(Collected data)
lemma edge_count_bounds_miss_gap:
  fixes N k D I :: int
  assumes k: "k * k \<le> N" "20 \<le> k"
    and star_lower: "D * (D - 1) \<le> 2 * I"
    and star_upper: "2 * I \<le> D * (D - 1) + 2 * (N - D) + (N - D) * (N - D - 1)"
    and degree_upper: "I \<le> 2 * N * (D - 1)"
  shows "2 * I \<noteq> (N - k + 1) * (N - k) - 2"
proof
  assume I: "2 * I = (N - k + 1) * (N - k) - 2"
  note estimates = quadratic_gap_estimate[OF k]
  have "k \<le> N - k" using estimates(1) k by linarith
  consider (large) "N - k + 1 \<le> D" | (middle) "k + 1 \<le> D" "D \<le> N - k" | (small) "D \<le> k"
    by linarith
  then show False
  proof cases
    case large
    have "(N - k + 1) * (N - k) \<le> D * (D - 1)"
      by (rule mult_mono) (use large \<open>k \<le> N - k\<close> k in auto)
    then show False using star_lower I by linarith
  next
    case middle
    have "D * (D - 1) + 2 * (N - D) + (N - D) * (N - D - 1)
        = (N - k) * (N - k - 1) + (k + 1) * k + 2 * ((D - (N - k)) * (D - (k + 1)))"
      by (simp add: algebra_simps)
    moreover have "(D - (N - k)) * (D - (k + 1)) \<le> 0"
      by (rule mult_nonpos_nonneg) (use middle in auto)
    ultimately show False using star_upper I estimates(2) by (simp add: algebra_simps)
  next
    case small
    have "N * (D - 1) \<le> N * (k - 1)" by (rule mult_left_mono) (use small estimates(1) k in auto)
    then have "I \<le> 2 * (N * k) - 2 * N" using degree_upper by (simp add: algebra_simps)
    then show False using I estimates(1,3) k by linarith
  qed
qed

lemma triangle_free_card_line_graph_edges_ne:
  assumes F: "simple_graph F" "triangle_free F" and k: "k * k \<le> card F" "20 \<le> k"
  shows "card (line_graph_edges F) \<noteq> ((card F - k + 1) choose 2) - 1"
proof
  assume I_eq: "card (line_graph_edges F) = ((card F - k + 1) choose 2) - 1"
  define N where "N = card F"
  define I where "I = card (line_graph_edges F)"
  have fin: "finite F" using F(1) by (simp add: simple_graph_def)
  obtain v where max: "\<And>x. degree F x \<le> degree F v" using ex_max_degree[OF fin] by blast
  define D where "D = degree F v"
  have int_k: "int k * int k \<le> int N" "20 \<le> int k" using k by (simp_all add: N_def flip: of_nat_mult)
  have "20 * k \<le> N" using quadratic_gap_estimate(1)[OF int_k] by linarith
  have "F \<noteq> {}" using \<open>20 * k \<le> N\<close> k(2) by (auto simp: N_def)
  then have "1 \<le> D" using max_degree_pos[OF F(1) _ max] by (simp add: D_def)
  have "D \<le> N" unfolding D_def N_def by (rule degree_le_card[OF fin])
  have eq: "2 * int I = (int N - int k + 1) * (int N - int k) - 2"
  proof -
    have "2 \<le> N - k + 1" using \<open>20 * k \<le> N\<close> k(2) by linarith
    then have "1 \<le> (N - k + 1) choose 2" by (simp add: Suc_le_eq)
    then have "int I + 1 = int ((N - k + 1) choose 2)" using I_eq by (simp add: N_def I_def)
    then show ?thesis using double_choose_two[of "N - k + 1", where 'a = int] \<open>20 * k \<le> N\<close>
      by (simp add: of_nat_diff algebra_simps)
  qed
  have lower: "int D * (int D - 1) \<le> 2 * int I"
    using degree_choose_two_le_card_line_graph_edges[OF fin, of v] double_choose_two[of D, where 'a = int]
    by (simp add: D_def I_def)
  have upper: "2 * int I \<le> int D * (int D - 1) + 2 * (int N - int D) + (int N - int D) * (int N - int D - 1)"
    using card_line_graph_edges_le_star_split[OF F, of v] \<open>D \<le> N\<close>
      double_choose_two[of D, where 'a = int] double_choose_two[of "N - D", where 'a = int]
    by (simp add: D_def I_def N_def of_nat_diff)
  have degree_upper: "int I \<le> 2 * int N * (int D - 1)"
  proof -
    have "I \<le> 2 * N * (D - 1)"
      using card_line_graph_edges_le_max_degree[OF F(1) max] by (simp add: D_def I_def N_def)
    then have "int I \<le> int (2 * N * (D - 1))" by (simp only: of_nat_le_iff)
    then show ?thesis using \<open>1 \<le> D\<close> by (simp add: of_nat_diff)
  qed
  show False using edge_count_bounds_miss_gap[OF int_k lower upper degree_upper] eq by simp
qed

lemma non_feasible_acyclic_line_gap:
  assumes "k * k \<le> N" "20 \<le> k"
  shows "non_feasible_acyclic_line N (((N - k + 1) choose 2) - 1)"
  unfolding non_feasible_acyclic_line_def feasible_acyclic_line_def
proof (intro conjI notI)
  have "k \<le> N" using assms le_square[of k] by linarith
  then show "1 \<le> N" using assms by linarith
  have "(N - k + 1) choose 2 \<le> N choose 2" using assms \<open>k \<le> N\<close> by (intro binomial_right_mono) simp
  then show "((N - k + 1) choose 2) - 1 \<le> N choose 2" by linarith
next
  assume "\<exists>F :: nat set set. acyclic_graph F \<and> card F = N \<and> card (line_graph_edges F) = ((N - k + 1) choose 2) - 1"
  then obtain F :: "nat set set" where "acyclic_graph F" "card F = N"
    "card (line_graph_edges F) = ((N - k + 1) choose 2) - 1" by blast
  moreover from \<open>acyclic_graph F\<close> have "simple_graph F" "triangle_free F"
    by (simp_all add: acyclic_graph_def acyclic_graph_triangle_free)
  ultimately show False using triangle_free_card_line_graph_edges_ne assms by blast
qed

lemma choose_two_sqrt_gap_le:
  assumes "k * k \<le> N" "N < (k + 1)\<^sup>2" "3 \<le> k"
  shows "real (((N - k + 1) choose 2) - 1) \<le> real N ^ 2 / 2 - 1 / 2 * real N * sqrt (real N)"
proof -
  have "k \<le> N" using assms(1) le_square[of k] by linarith
  have "real N < real ((k + 1)\<^sup>2)" using assms(2) by (simp only: of_nat_less_iff)
  then have "sqrt (real N) < real k + 1" by (simp add: add.commute real_less_lsqrt)
  then have "real N * sqrt (real N) \<le> real N * (real k + 1)" by (intro mult_left_mono) auto
  moreover have "3 * real N \<le> real k * real N" using assms(3) by (intro mult_right_mono) auto
  moreover have "real k * real k \<le> real N" using assms(1) by (simp flip: of_nat_mult)
  moreover have "2 * real ((N - k + 1) choose 2) = (real N - real k + 1) * (real N - real k)"
    using double_choose_two[of "N - k + 1", where 'a = real] \<open>k \<le> N\<close> by (simp add: of_nat_diff)
  moreover have "real (((N - k + 1) choose 2) - 1) \<le> real ((N - k + 1) choose 2)" by simp
  ultimately show ?thesis by (simp add: power2_eq_square algebra_simps)
qed

theorem mainTheorem9:
  shows "\<exists>c1::real. c1 > 0 \<and> (\<exists>N0::nat. \<forall>N\<ge>N0.
     (\<exists>M. non_feasible_acyclic_line N M) \<and>
     real (LEAST M. non_feasible_acyclic_line N M) \<le> real N ^ 2 / 2 - c1 * real N * sqrt (real N))"
proof -
  have "(\<exists>M. non_feasible_acyclic_line N M) \<and>
      real (LEAST M. non_feasible_acyclic_line N M) \<le> real N ^ 2 / 2 - 1 / 2 * real N * sqrt (real N)"
    if "400 \<le> N" for N
  proof -
    define k where "k = floor_sqrt N"
    have "k * k \<le> N" "N < (k + 1)\<^sup>2"
      using floor_sqrt_power2_le[of N] Suc_floor_sqrt_power2_gt[of N] by (simp_all add: k_def power2_eq_square)
    moreover have "20 \<le> k" unfolding k_def using that by (intro le_floor_sqrtI) simp
    ultimately have gap: "non_feasible_acyclic_line N (((N - k + 1) choose 2) - 1)"
      and "real (((N - k + 1) choose 2) - 1) \<le> real N ^ 2 / 2 - 1 / 2 * real N * sqrt (real N)"
      using non_feasible_acyclic_line_gap choose_two_sqrt_gap_le by simp_all
    moreover have "(LEAST M. non_feasible_acyclic_line N M) \<le> ((N - k + 1) choose 2) - 1"
      using gap by (rule Least_le)
    ultimately show ?thesis by force
  qed
  then show ?thesis by (intro exI[of _ "1 / 2"] conjI exI[of _ 400]) simp_all
qed

end
lemma twin_classes_eq_twin_class:
  "finite_reflexive_graph G \<Longrightarrow> A \<in> twin_classes G \<Longrightarrow> x \<in> A \<Longrightarrow> twin_class G x = A"
  unfolding twin_classes_def using twin_class_eq by blast

lemma twin_classes_subset: "A \<in> twin_classes G \<Longrightarrow> A \<subseteq> verts G"
  unfolding twin_classes_def using twin_class_subset by blast

lemma twin_classes_nonempty: "A \<in> twin_classes G \<Longrightarrow> A \<noteq> {}"
  unfolding twin_classes_def using self_in_twin_class by blast

lemma finite_twin_classes: "finite_reflexive_graph G \<Longrightarrow> finite (twin_classes G)"
  unfolding twin_classes_def using finite_reflexive_graphD(1) by blast

lemma false_twins_edge_iff:
  assumes "false_twins G x x'" and "y \<notin> twin_class G x"
  shows "(x, y) \<in> edges G \<longleftrightarrow> (x', y) \<in> edges G"
proof -
  have "x \<in> twin_class G x" "x' \<in> twin_class G x"
    using assms(1) self_in_twin_class unfolding false_twins_def twin_class_def by auto
  then have "y \<noteq> x" "y \<noteq> x'"
    using assms(2) by auto
  then show ?thesis
    using assms(1) unfolding false_twins_def by auto
qed
(* Let $d\ge 1$, let $\Omega=\operatorname{diag}(\omega_j)_{j=1}^d\in\mathbb{R}^{d\times d}$ with all $\omega_j\ge 0$, let $\omega=\min_{j:\,\omega_j>0}\omega_j$ be the smallest nonzero frequency, and let $A\in\mathbb{C}^{d\times d}$ be self-adjoint. Let $0<h\le 1$ and let $\psi_1,\phi\colon\mathbb{R}\to\mathbb{R}$ be even functions such that $\psi_1(\xi)=\operatorname{sinc}(\xi)\phi(\xi)$ for all $\xi\in\mathbb{R}$ and, for constants $c_0,c_1\ge 0$, \[ |\psi_1(\xi)|\le c_0,\qquad |\phi(\xi)|\le c_0,\qquad |\phi(\xi)-1|\le c_1|\xi|\qquad\text{for all }\xi\in\mathbb{R}. \] Set $\Psi_1=\psi_1(h\Omega)$, $\Phi=\phi(h\Omega)$. For given $q_0,\dot q_0\in\mathbb{C}^d$, define $(q_n,\dot q_n)_{n\ge 0}$ recursively by \begin{align*} q_{n+1} &= \cos(h\Omega) q_n + h\operatorname{sinc}(h\Omega) \dot{q}_n - \tfrac12 h^2 \operatorname{sinc}(h\Omega) \Psi_1 A\Phi q_n,\\ \dot{q}_{n+1} &= -\Omega \sin(h\Omega) q_n + \cos(h\Omega) \dot{q}_n - \tfrac12 h \big( \cos(h\Omega) \Psi_1 A\Phi q_n + \Psi_1 A\Phi q_{n+1}\big), \end{align*} and let $H(q,\dot q)=\tfrac12 \|\Omega q\|^2 + \tfrac12 \|\dot{q}\|^2 + \tfrac12 q^*Aq$. Then \[ \big|H(q_n,\dot{q}_n) - H(q_0,\dot{q}_0)\big| \le C \min\big(h,\omega^{-1}\big) + C h^2 \qquad\text{for all } n\in\mathbb{N}, \] with a constant $C$ depending only on $c_0$, $c_1$, $\|A\|$, $\|q_0\|$, $\|\Omega q_0\|$, $\|\dot{q}_0\|$ and $\|q_n\|$.
   Context: $\|\cdot\|$ is the Euclidean norm on $\mathbb{C}^d$ and, for matrices, the induced operator norm; ${}^*$ denotes conjugate transpose. $\operatorname{sinc}(\xi)=\sin(\xi)/\xi$ for $\xi\ne0$ and $\operatorname{sinc}(0)=1$. For a function $f\colon\mathbb{R}\to\mathbb{R}$, $f(h\Omega)$ denotes the diagonal matrix $\operatorname{diag}(f(h\omega_j))_{j=1}^d$. *)

theory Defs
  imports "HOL-Analysis.Analysis"
begin

text \<open>Dimension d is a natural number; vectors in C^d are functions nat => complex,
  of which only the components j < d are relevant; d x d matrices are functions
  nat => nat => complex with only entries i,j < d relevant.
  The diagonal matrix Omega is given by its diagonal omega :: nat => real.\<close>

definition sinc :: "real \<Rightarrow> real" where
  "sinc \<xi> = (if \<xi> = 0 then 1 else sin \<xi> / \<xi>)"

definition vnorm :: "nat \<Rightarrow> (nat \<Rightarrow> complex) \<Rightarrow> real" where
  "vnorm d x = sqrt (\<Sum>j<d. (cmod (x j))\<^sup>2)"
lemma is_metric_on_delta:
  assumes cont: "\<forall>\<xi>\<in>K. continuous_on circle (g \<xi>)" and ub: "uniformly_bounded_family K g"
    and sep: "separating_family K g"
  shows "is_metric_on circle_measures (delta K g)"
proof -
  have "(1::complex) \<in> circle" by simp
  then have "\<exists>\<xi>\<in>K. integral\<^sup>L (null_measure circle_borel) (g \<xi>) \<noteq> integral\<^sup>L (return circle_borel 1) (g \<xi>)"
    using sep null_measure_in_circle_measures return_in_circle_measures null_measure_neq_return
    unfolding separating_family_def by blast
  then have "K \<noteq> {}" by blast
  have zero: "delta K g \<mu> \<nu> = 0 \<longleftrightarrow> \<mu> = \<nu>"
    if "\<mu> \<in> circle_measures" "\<nu> \<in> circle_measures" for \<mu> \<nu>
  proof
    assume "delta K g \<mu> \<nu> = 0"
    then have "integral\<^sup>L \<mu> (g \<xi>) = integral\<^sup>L \<nu> (g \<xi>)" if "\<xi> \<in> K" for \<xi>
      using ereal_abs_diff_le_delta[OF that, of \<mu> g \<nu>] by simp
    then show "\<mu> = \<nu>" using sep that unfolding separating_family_def by blast
  qed (simp add: delta_self \<open>K \<noteq> {}\<close>)
  have finite: "delta K g \<mu> \<nu> \<noteq> \<infinity> \<and> delta K g \<mu> \<nu> \<noteq> -\<infinity> \<and> 0 \<le> delta K g \<mu> \<nu>"
    if "\<mu> \<in> circle_measures" "\<nu> \<in> circle_measures" for \<mu> \<nu>
    using delta_neq_infinity[OF cont ub that] delta_nonneg[OF \<open>K \<noteq> {}\<close>, of g \<mu> \<nu>] by auto
  show ?thesis
    unfolding is_metric_on_def
    by (intro conjI ballI) (simp_all add: finite zero delta_commute[of K g] delta_triangle)
qed

lemma weakly_continuous_delta:
  assumes cont: "\<forall>\<xi>\<in>K. continuous_on circle (g \<xi>)"
    and eq: "equicontinuous_family K g" and ub: "uniformly_bounded_family K g"
  shows "weakly_continuous (delta K g)"
  unfolding weakly_continuous_def
proof (intro allI impI)
  fix \<mu>s \<nu>s \<mu> \<nu>
  assume \<mu>s: "\<forall>k. \<mu>s k \<in> circle_measures" and \<nu>s: "\<forall>k. \<nu>s k \<in> circle_measures"
    and \<mu>: "\<mu> \<in> circle_measures" and \<nu>: "\<nu> \<in> circle_measures"
    and wc\<mu>: "weak_conv \<mu>s \<mu>" and wc\<nu>: "weak_conv \<nu>s \<nu>"
  have "uniform_limit K (\<lambda>k \<xi>. integral\<^sup>L (\<mu>s k) (g \<xi>)) (\<lambda>\<xi>. integral\<^sup>L \<mu> (g \<xi>)) sequentially"
    using \<mu>s by (intro weak_conv_uniform_limit_equicontinuous[OF cont eq ub _ \<mu> wc\<mu>]) blast
  moreover have "uniform_limit K (\<lambda>k \<xi>. integral\<^sup>L (\<nu>s k) (g \<xi>)) (\<lambda>\<xi>. integral\<^sup>L \<nu> (g \<xi>)) sequentially"
    using \<nu>s by (intro weak_conv_uniform_limit_equicontinuous[OF cont eq ub _ \<nu> wc\<nu>]) blast
  ultimately have "uniform_limit K (\<lambda>k \<xi>. norm (integral\<^sup>L (\<mu>s k) (g \<xi>) - integral\<^sup>L (\<nu>s k) (g \<xi>)))
      (\<lambda>\<xi>. norm (integral\<^sup>L \<mu> (g \<xi>) - integral\<^sup>L \<nu> (g \<xi>))) sequentially"
    by (intro uniform_limit_norm uniform_limit_minus)
  then have "uniform_limit K (\<lambda>k \<xi>. \<bar>integral\<^sup>L (\<mu>s k) (g \<xi>) - integral\<^sup>L (\<nu>s k) (g \<xi>)\<bar>)
      (\<lambda>\<xi>. \<bar>integral\<^sup>L \<mu> (g \<xi>) - integral\<^sup>L \<nu> (g \<xi>)\<bar>) sequentially"
    by (simp only: real_norm_def)
  moreover have "delta K g \<mu> \<nu> \<noteq> \<infinity>"
    using delta_neq_infinity[OF cont ub \<mu> \<nu>] .
  ultimately show "(\<lambda>k. delta K g (\<mu>s k) (\<nu>s k)) \<longlonglongrightarrow> delta K g \<mu> \<nu>"
    unfolding delta_def by (rule tendsto_SUP_ereal_uniform_limit)
qed
lemma opprod_ad_ideal_nil_zero:
  assumes L: "lie_algebra scale br" and Id: "lie_ideal scale br I"
    and nil: "\<forall>x\<in>I. lcomm_pow br x s k = 0" and b: "b \<in> I" and e: "k \<le> e"
    and ys: "set ys \<subseteq> range (ad br)"
  shows "opprod (xs @ ad br b # replicate e (ad br s) @ ys) = (\<lambda>x. 0)"
proof
  fix x
  define y where "y = br (opprod xs x) b"
  have "y \<in> I"
    using Id b unfolding lie_ideal_def y_def by blast
  have s_powers_zero: "(ad br s ^^ n) 0 = 0" for n
    by (induction n) (simp_all add: ad_def lie_bracket_zero_left[OF L])
  have "(ad br s ^^ e) y = (ad br s ^^ (e - k)) ((ad br s ^^ k) y)"
    using e by (metis funpow_add le_add_diff_inverse2 o_apply)
  also have "\<dots> = 0"
    using nil \<open>y \<in> I\<close> s_powers_zero by (simp add: lcomm_pow_def)
  finally show "opprod (xs @ ad br b # replicate e (ad br s) @ ys) x = 0"
    using opprod_ad_zero[OF L ys] by (simp add: opprod_replicate ad_def y_def)
qed

lemma upt_split: "i \<le> j \<Longrightarrow> j \<le> k \<Longrightarrow> [i..<k] = [i..<j] @ [j..<k]"
  by (metis le_add_diff_inverse upt_add_eq_append)

lemma ad_blocks_zero_if_ascent:
  assumes L: "lie_algebra scale br" and Id: "lie_ideal scale br I"
    and nil: "\<forall>x\<in>I. lcomm_pow br x s k = 0" and aI: "\<forall>j\<in>{1..N}. a j \<in> I"
    and bound: "m l \<le> k - 1" and l: "1 \<le> l" "l < N" and ascent: "m l < m (Suc l)"
  shows "opprod (concat (map (ad_block br s a k m) [1..<Suc N])) = (\<lambda>x. 0)"
proof -
  let ?S = "ad br s"
  have "[1..<Suc N] = [1..<l] @ [l..<Suc N]"
    by (rule upt_split) (use l in auto)
  also have "[l..<Suc N] = l # Suc l # [Suc (Suc l)..<Suc N]"
    using l by (metis Suc_less_eq less_SucI upt_conv_Cons)
  finally have "[1..<Suc N] = [1..<l] @ l # Suc l # [Suc (Suc l)..<Suc N]" .
  then have "concat (map (ad_block br s a k m) [1..<Suc N])
      = (concat (map (ad_block br s a k m) [1..<l]) @ replicate (m l) ?S)
        @ ad br (a l) # replicate (k - 1 - m l + m (Suc l)) ?S
        @ ad br (a (Suc l)) # replicate (k - 1 - m (Suc l)) ?S
        @ concat (map (ad_block br s a k m) [Suc (Suc l)..<Suc N])"
    by (simp add: ad_block_def replicate_add)
  moreover have "opprod \<dots> = (\<lambda>x. 0)"
  proof (rule opprod_ad_ideal_nil_zero[OF L Id nil])
    show "a l \<in> I"
      using aI l by simp
    show "k \<le> k - 1 - m l + m (Suc l)"
      using bound ascent by linarith
  qed (auto simp: ad_block_def)
  ultimately show ?thesis
    by simp
qed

# Work to be completed:
Read the records above. Show each line that has the string "metis".

# Exercise result:
    using e by (metis funpow_add le_add_diff_inverse2 o_apply)
  by (metis le_add_diff_inverse upt_add_eq_append)
    using l by (metis Suc_less_eq less_SucI upt_conv_Cons)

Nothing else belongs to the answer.